Do Performance Aspirations Matter for Guiding Software Configuration
Tuning?
- URL: http://arxiv.org/abs/2301.03290v1
- Date: Mon, 9 Jan 2023 12:11:05 GMT
- Title: Do Performance Aspirations Matter for Guiding Software Configuration
Tuning?
- Authors: Tao Chen and Miqing Li
- Abstract summary: We show that the realism of aspirations is the key factor that determines whether they should be used to guide the tuning.
The available tuning budget can also influence the choice for aspirations but it is under insignificant realistic ones.
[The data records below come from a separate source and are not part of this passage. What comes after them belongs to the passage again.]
(* Let $Y\in\mathbb{R}^{D\times N}$ (the data matrix after subtracting the sample mean of the columns from each column), let $\hat d\in\mathbb{N}$, $\hat d\ge1$, and let $\epsilon>0$. Define $$f(L,R,\Pi)=\tfrac12\|(Y-LR')\Pi^{-1/2}\|_F^2+\tfrac D2\log|\Pi|$$ on the feasible set $\mathcal S=\mathcal S_L\times\mathcal S_R\times\mathcal S_\Pi$, where $\mathcal S_L=\mathbb{R}^{D\times\hat d}$, $\mathcal S_R=\mathbb{R}^{N\times\hat d}$, and $\mathcal S_\Pi$ is the set of $N\times N$ diagonal matrices with all diagonal entries in $[\epsilon,\infty)$, and consider the problem $\min f(L,R,\Pi)$ subject to $(L,R,\Pi)\in\mathcal S$. Initialize as follows: with $Y=\hat U\hat\Sigma\hat V'$ an SVD, set $L_0=\hat U_{1:\hat d}\hat\Sigma_{1:\hat d}^{1/2}$, $R_0=\hat V_{1:\hat d}\hat\Sigma_{1:\hat d}^{1/2}$, $\nu_0=\max\!\big(\max_j \tfrac1D\|(Y-L_0R_0')e_j\|_2^2,\ \epsilon\big)$ and $\Pi_0=\nu_0 I$. Then generate $\{(L_t,R_t,\Pi_t)\}$ by alternating minimization (block nonlinear Gauss–Seidel), each block being updated to an exact minimizer of $f$ over its feasible set with the other blocks at their most recent values: $$L_{t+1}=Y\Pi_t^{-1}R_t(R_t'\Pi_t^{-1}R_t)^{-1},\quad R_{t+1}=Y'L_{t+1}(L_{t+1}'L_{t+1})^{-1},$$ $$(\Pi_{t+1})_{jj}=\max\!\Big(\tfrac1D\|(Y-L_{t+1}R_{t+1}')e_j\|_2^2,\ \epsilon\Big),\ j=1,\dots,N.$$ Then the limit points of the sequence $\{(L_t,R_t,\Pi_t)\}$ are critical points of this constrained problem.
   Context: $\|\cdot\|_F$ is the Frobenius norm, $|\Pi|$ the determinant, $e_j$ the $j$-th standard basis vector, $\hat U_{1:\hat d}$, $\hat V_{1:\hat d}$ the first $\hat d$ left/right singular vectors and $\hat\Sigma_{1:\hat d}$ the corresponding $\hat d\times\hat d$ diagonal matrix of largest singular values. A critical point of $\min_{w\in\mathcal S}f(w)$ (with $f$ continuously differentiable and $\mathcal S$ closed and convex) is a point $w^*\in\mathcal S$ with $\langle\nabla f(w^* ),w-w^*\rangle\ge0$ for all $w\in\mathcal S$. The matrix inverses in the updates are assumed to exist. *)

theory Defs
  imports Complex_Main "Jordan_Normal_Form.Determinant" "Jordan_Normal_Form.Gauss_Jordan_Elimination"
begin

text \<open>Matrix inverse (used only where the inverse exists).\<close>
definition minv :: "real mat \<Rightarrow> real mat" where
  "minv A = the (mat_inverse A)"

definition colsq :: "real mat \<Rightarrow> nat \<Rightarrow> real" where
  "colsq A j = (\<Sum>i<dim_row A. (A $$ (i, j))\<^sup>2)"

definition frob :: "real mat \<Rightarrow> real" where
  "frob A = sqrt (\<Sum>i<dim_row A. \<Sum>j<dim_col A. (A $$ (i, j))\<^sup>2)"

definition is_diag :: "real mat \<Rightarrow> bool" where
  "is_diag A \<longleftrightarrow> (\<forall>i<dim_row A. \<forall>j<dim_col A. i \<noteq> j \<longrightarrow> A $$ (i, j) = 0)"

text \<open>Objective f(L,R,Pi) = 1/2 ||(Y - L R') Pi^(-1/2)||_F^2 + D/2 log |Pi|, for diagonal Pi with
  positive diagonal; Pi^(-1/2) of such a diagonal matrix is the diagonal matrix of the entries^(-1/2).\<close>
definition fobj :: "real mat \<Rightarrow> real mat \<Rightarrow> real mat \<Rightarrow> real mat \<Rightarrow> real" where
  "fobj Y L R P =
     (1/2) * (frob ((Y - L * transpose_mat R) * mat_diag (dim_col Y) (\<lambda>j. 1 / sqrt (P $$ (j, j)))))\<^sup>2
     + (real (dim_row Y) / 2) * ln (det P)"

definition feasible :: "nat \<Rightarrow> nat \<Rightarrow> nat \<Rightarrow> real \<Rightarrow> real mat \<Rightarrow> real mat \<Rightarrow> real mat \<Rightarrow> bool" where
  "feasible D N d \<epsilon> L R P \<longleftrightarrow>
     L \<in> carrier_mat D d \<and> R \<in> carrier_mat N d \<and> P \<in> carrier_mat N N \<and> is_diag P
     \<and> (\<forall>j<N. P $$ (j, j) \<ge> \<epsilon>)"

text \<open>The gradient is the vector of partial derivatives w.r.t. the coordinates of the variable
  (L,R,Pi); Pi ranges over the linear space of diagonal N x N matrices, whose coordinates are
  the diagonal entries.\<close>
definition critical_point :: "real mat \<Rightarrow> nat \<Rightarrow> real \<Rightarrow> real mat \<Rightarrow> real mat \<Rightarrow> real mat \<Rightarrow> bool" where
  "critical_point Y d \<epsilon> L R P \<longleftrightarrow>
     feasible (dim_row Y) (dim_col Y) d \<epsilon> L R P \<and>
     (\<exists>gL gR gP.
        (\<forall>i<dim_row Y. \<forall>k<d.
           ((\<lambda>x. fobj Y (L |\<^sub>m (i, k) \<mapsto> x) R P) has_real_derivative gL i k) (at (L $$ (i, k)))) \<and>
        (\<forall>j<dim_col Y. \<forall>k<d.
           ((\<lambda>x. fobj Y L (R |\<^sub>m (j, k) \<mapsto> x) P) has_real_derivative gR j k) (at (R $$ (j, k)))) \<and>
        (\<forall>j<dim_col Y.
           ((\<lambda>x. fobj Y L R (P |\<^sub>m (j, j) \<mapsto> x)) has_real_derivative gP j) (at (P $$ (j, j)))) \<and>
        (\<forall>L' R' P'. feasible (dim_row Y) (dim_col Y) d \<epsilon> L' R' P' \<longrightarrow>
          0 \<le> (\<Sum>i<dim_row Y. \<Sum>k<d. gL i k * (L' $$ (i, k) - L $$ (i, k)))
             + (\<Sum>j<dim_col Y. \<Sum>k<d. gR j k * (R' $$ (j, k) - R $$ (j, k)))
             + (\<Sum>j<dim_col Y. gP j * (P' $$ (j, j) - P $$ (j, j)))))"

text \<open>Entrywise convergence of a sequence of matrices to A (finite dimensional, so equivalent to
  convergence in any norm).\<close>
definition mat_tendsto :: "(nat \<Rightarrow> real mat) \<Rightarrow> real mat \<Rightarrow> bool" where
  "mat_tendsto X A \<longleftrightarrow> (\<forall>i<dim_row A. \<forall>j<dim_col A. (\<lambda>t. X t $$ (i, j)) \<longlonglongrightarrow> A $$ (i, j))"

definition limit_point3 ::
  "(nat \<Rightarrow> real mat) \<Rightarrow> (nat \<Rightarrow> real mat) \<Rightarrow> (nat \<Rightarrow> real mat) \<Rightarrow> real mat \<Rightarrow> real mat \<Rightarrow> real mat \<Rightarrow> bool" where
  "limit_point3 Ls Rs Ps L R P \<longleftrightarrow>
     (\<exists>\<phi>. strict_mono \<phi> \<and> mat_tendsto (Ls \<circ> \<phi>) L \<and> mat_tendsto (Rs \<circ> \<phi>) R \<and> mat_tendsto (Ps \<circ> \<phi>) P)"

definition is_svd :: "real mat \<Rightarrow> real mat \<Rightarrow> real mat \<Rightarrow> real mat \<Rightarrow> bool" where
  "is_svd Y U S V \<longleftrightarrow>
     U \<in> carrier_mat (dim_row Y) (dim_row Y) \<and> V \<in> carrier_mat (dim_col Y) (dim_col Y) \<and>
     S \<in> carrier_mat (dim_row Y) (dim_col Y) \<and>
     transpose_mat U * U = 1\<^sub>m (dim_row Y) \<and> transpose_mat V * V = 1\<^sub>m (dim_col Y) \<and>
     is_diag S \<and> (\<forall>i < min (dim_row Y) (dim_col Y). S $$ (i, i) \<ge> 0) \<and>
     (\<forall>i j. i \<le> j \<and> j < min (dim_row Y) (dim_col Y) \<longrightarrow> S $$ (j, j) \<le> S $$ (i, i)) \<and>
     Y = U * S * transpose_mat V"

end

theory Submission
  imports Defs
begin

text \<open>
  Every block update minimizes f exactly: the L- and R-updates solve the normal equations of a
  weighted least-squares problem, and the \<Pi>-update minimizes c / (2 x) + (D / 2) ln x over
  x \<ge> \<epsilon> column by column. Hence f decreases along the iteration and, being bounded below by
  (N D / 2) ln \<epsilon>, converges. Along a subsequence tending to a limit point, comparing with the
  values right after the next block update shows that the limit point minimizes f in each block
  separately. Blockwise minimality makes the partial derivatives in L and R vanish and forces the
  partial derivative in a diagonal entry of \<Pi> to vanish in the interior and to be nonnegative at
  the bound \<epsilon>, which together give the critical-point inequality.
\<close>

lemma invertible_mat_minv:
  assumes A: "A \<in> carrier_mat n n" and inv: "invertible_mat A"
  shows "A * minv A = 1\<^sub>m n" and "minv A * A = 1\<^sub>m n" and "minv A \<in> carrier_mat n n"
proof -
  from inv obtain B where AB: "A * B = 1\<^sub>m (dim_row A)" and BA: "B * A = 1\<^sub>m (dim_row B)"
    unfolding invertible_mat_def inverts_mat_def by auto
  have "B \<in> carrier_mat n n"
    using A AB BA by (metis carrier_matD carrier_matI index_mult_mat(2,3) index_one_mat(2,3))
  with A AB BA have "A \<in> Units (ring_mat TYPE(real) n ())"
    unfolding Units_def ring_mat_def by auto
  then obtain C where "mat_inverse A = Some C"
    using mat_inverse(1)[OF A] by fastforce
  then show "A * minv A = 1\<^sub>m n" and "minv A * A = 1\<^sub>m n" and "minv A \<in> carrier_mat n n"
    using mat_inverse(2)[OF A] unfolding minv_def by auto
qed

lemma is_diag_eq_mat_diag:
  assumes "P \<in> carrier_mat n n" and "is_diag P"
  shows "P = mat_diag n (\<lambda>j. P $$ (j, j))"
  using assms unfolding is_diag_def mat_diag_def by (intro eq_matI) auto

lemma minv_mat_diag:
  assumes "\<forall>j<n. p j \<noteq> 0"
  shows "minv (mat_diag n p) = mat_diag n (\<lambda>j. 1 / p j)"
proof -
  let ?A = "mat_diag n p" and ?B = "mat_diag n (\<lambda>j. 1 / p j)"
  have AB: "?A * ?B = 1\<^sub>m n" and BA: "?B * ?A = 1\<^sub>m n"
    using assms unfolding mat_diag_diag by (auto intro!: eq_matI simp: mat_diag_def)
  then have "invertible_mat ?A"
    unfolding invertible_mat_def inverts_mat_def by (metis carrier_matD mat_diag_dim square_mat.simps)
  note minv = invertible_mat_minv[OF mat_diag_dim this]
  have "minv ?A = (?B * ?A) * minv ?A"
    unfolding BA using minv(3) by simp
  also have "\<dots> = ?B * (?A * minv ?A)"
    using minv(3) by (intro assoc_mult_mat[of _ n n _ n _ n]) auto
  also have "\<dots> = ?B"
    by (simp add: minv(1) right_mult_one_mat[OF mat_diag_dim])
  finally show ?thesis .
qed

lemma minv_is_diag:
  assumes "P \<in> carrier_mat n n" and "is_diag P" and "\<forall>j<n. P $$ (j, j) \<noteq> 0"
  shows "minv P = mat_diag n (\<lambda>j. 1 / P $$ (j, j))"
proof -
  from is_diag_eq_mat_diag[OF assms(1,2)] have "minv P = minv (mat_diag n (\<lambda>j. P $$ (j, j)))"
    by (rule arg_cong)
  also have "\<dots> = mat_diag n (\<lambda>j. 1 / P $$ (j, j))"
    by (rule minv_mat_diag[OF assms(3)])
  finally show ?thesis .
qed

lemma det_mat_diag: "det (mat_diag n p) = (\<Prod>j<n. p j)"
proof -
  have "det (mat_diag n p) = prod_list (diag_mat (mat_diag n p))"
    by (rule det_upper_triangular[of _ n]) (auto simp: upper_triangular_def mat_diag_def)
  then show ?thesis
    by (simp add: prod_list_diag_prod atLeast0LessThan mat_diag_def)
qed

lemma update_mat_index_same: "i < dim_row A \<Longrightarrow> j < dim_col A \<Longrightarrow> (A |\<^sub>m (i, j) \<mapsto> A $$ (i, j)) = A"
  by (intro eq_matI) (auto simp: update_mat_def)

section \<open>The objective in coordinates\<close>

definition residual :: "real mat \<Rightarrow> nat \<Rightarrow> real mat \<Rightarrow> real mat \<Rightarrow> nat \<Rightarrow> nat \<Rightarrow> real" where
  "residual Y d L R i j = Y $$ (i, j) - (\<Sum>k<d. L $$ (i, k) * R $$ (j, k))"

definition fobj_diag :: "real mat \<Rightarrow> nat \<Rightarrow> real mat \<Rightarrow> real mat \<Rightarrow> (nat \<Rightarrow> real) \<Rightarrow> real" where
  "fobj_diag Y d L R p =
     1/2 * (\<Sum>j<dim_col Y. (\<Sum>i<dim_row Y. (residual Y d L R i j)\<^sup>2) / p j)
     + real (dim_row Y) / 2 * (\<Sum>j<dim_col Y. ln (p j))"

lemma index_residual_mat:
  assumes "Y \<in> carrier_mat D N" "L \<in> carrier_mat D d" "R \<in> carrier_mat N d" "i < D" "j < N"
  shows "(Y - L * transpose_mat R) $$ (i, j) = residual Y d L R i j"
  using assms by (simp add: residual_def scalar_prod_def lessThan_atLeast0)

lemma colsq_residual:
  assumes "Y \<in> carrier_mat D N" "L \<in> carrier_mat D d" "R \<in> carrier_mat N d" "j < N"
  shows "colsq (Y - L * transpose_mat R) j = (\<Sum>i<D. (residual Y d L R i j)\<^sup>2)"
  using assms index_residual_mat[OF assms(1-3)] unfolding colsq_def by simp

lemma fobj_diag_cong:
  assumes "Y \<in> carrier_mat D N" and "\<forall>j<N. p j = q j"
  shows "fobj_diag Y d L R p = fobj_diag Y d L R q"
  using assms unfolding fobj_diag_def by simp

lemma fobj_diag_columnwise:
  assumes "Y \<in> carrier_mat D N"
  shows "fobj_diag Y d L R p
    = (\<Sum>j<N. (\<Sum>i<D. (residual Y d L R i j)\<^sup>2) / (2 * p j) + real D / 2 * ln (p j))"
  using assms unfolding fobj_diag_def
  by (simp add: sum.distrib sum_distrib_left sum_divide_distrib[symmetric] mult.commute)

lemma fobj_eq_fobj_diag:
  assumes Y: "Y \<in> carrier_mat D N" and L: "L \<in> carrier_mat D d" and R: "R \<in> carrier_mat N d"
    and P: "P \<in> carrier_mat N N" "is_diag P" and pos: "\<forall>j<N. P $$ (j, j) > 0"
  shows "fobj Y L R P = fobj_diag Y d L R (\<lambda>j. P $$ (j, j))"
proof -
  let ?E = "Y - L * transpose_mat R"
  have E: "?E \<in> carrier_mat D N"
    using Y L R by auto
  have "(frob (?E * mat_diag N (\<lambda>j. 1 / sqrt (P $$ (j, j)))))\<^sup>2
      = (\<Sum>i<D. \<Sum>j<N. (?E $$ (i, j) * (1 / sqrt (P $$ (j, j))))\<^sup>2)"
    unfolding mat_diag_mult_right[OF E] frob_def by (simp add: sum_nonneg)
  also have "\<dots> = (\<Sum>j<N. \<Sum>i<D. (residual Y d L R i j)\<^sup>2 / P $$ (j, j))"
    using pos index_residual_mat[OF Y L R]
    by (subst sum.swap) (auto intro!: sum.cong simp: power_mult_distrib power_divide less_imp_le)
  finally have frob: "(frob (?E * mat_diag N (\<lambda>j. 1 / sqrt (P $$ (j, j)))))\<^sup>2
      = (\<Sum>j<N. (\<Sum>i<D. (residual Y d L R i j)\<^sup>2) / P $$ (j, j))"
    by (simp add: sum_divide_distrib)
  moreover have "ln (det P) = (\<Sum>j<N. ln (P $$ (j, j)))"
    using pos by (subst is_diag_eq_mat_diag[OF P]) (simp add: det_mat_diag, subst ln_prod, auto)
  moreover have "dim_row Y = D" "dim_col Y = N"
    using Y by auto
  ultimately show ?thesis
    unfolding fobj_def fobj_diag_def by simp
qed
- Score: 6.492599077364121
- License: http://creativecommons.org/licenses/by/4.0/
- Abstract: Configurable software systems can be tuned for better performance. Leveraging
on some Pareto optimizers, recent work has shifted from tuning for a single,
time-related performance objective to two intrinsically different objectives
that assess distinct performance aspects of the system, each with varying
aspirations. Before we design better optimizers, a crucial engineering decision
to make therein is how to handle the performance requirements with clear
aspirations in the tuning process. For this, the community takes two
alternative optimization models: either quantifying and incorporating the
aspirations into the search objectives that guide the tuning, or not
considering the aspirations during the search but purely using them in the
later decision-making process only. However, despite being a crucial decision
that determines how an optimizer can be designed and tailored, there is a
rather limited understanding of which optimization model should be chosen under
what particular circumstance, and why.
In this paper, we seek to close this gap. Firstly, we do that through a
review of over 426 papers in the literature and 14 real-world requirements
datasets. Drawing on these, we then conduct a comprehensive empirical study
that covers 15 combinations of the state-of-the-art performance requirement
patterns, four types of aspiration space, three Pareto optimizers, and eight
real-world systems/environments, leading to 1,296 cases of investigation. We
found that (1) the realism of aspirations is the key factor that determines
whether they should be used to guide the tuning; (2) the given patterns and the
position of the realistic aspirations in the objective landscape are less
important for the choice, but they do matter to the extents of improvement; (3)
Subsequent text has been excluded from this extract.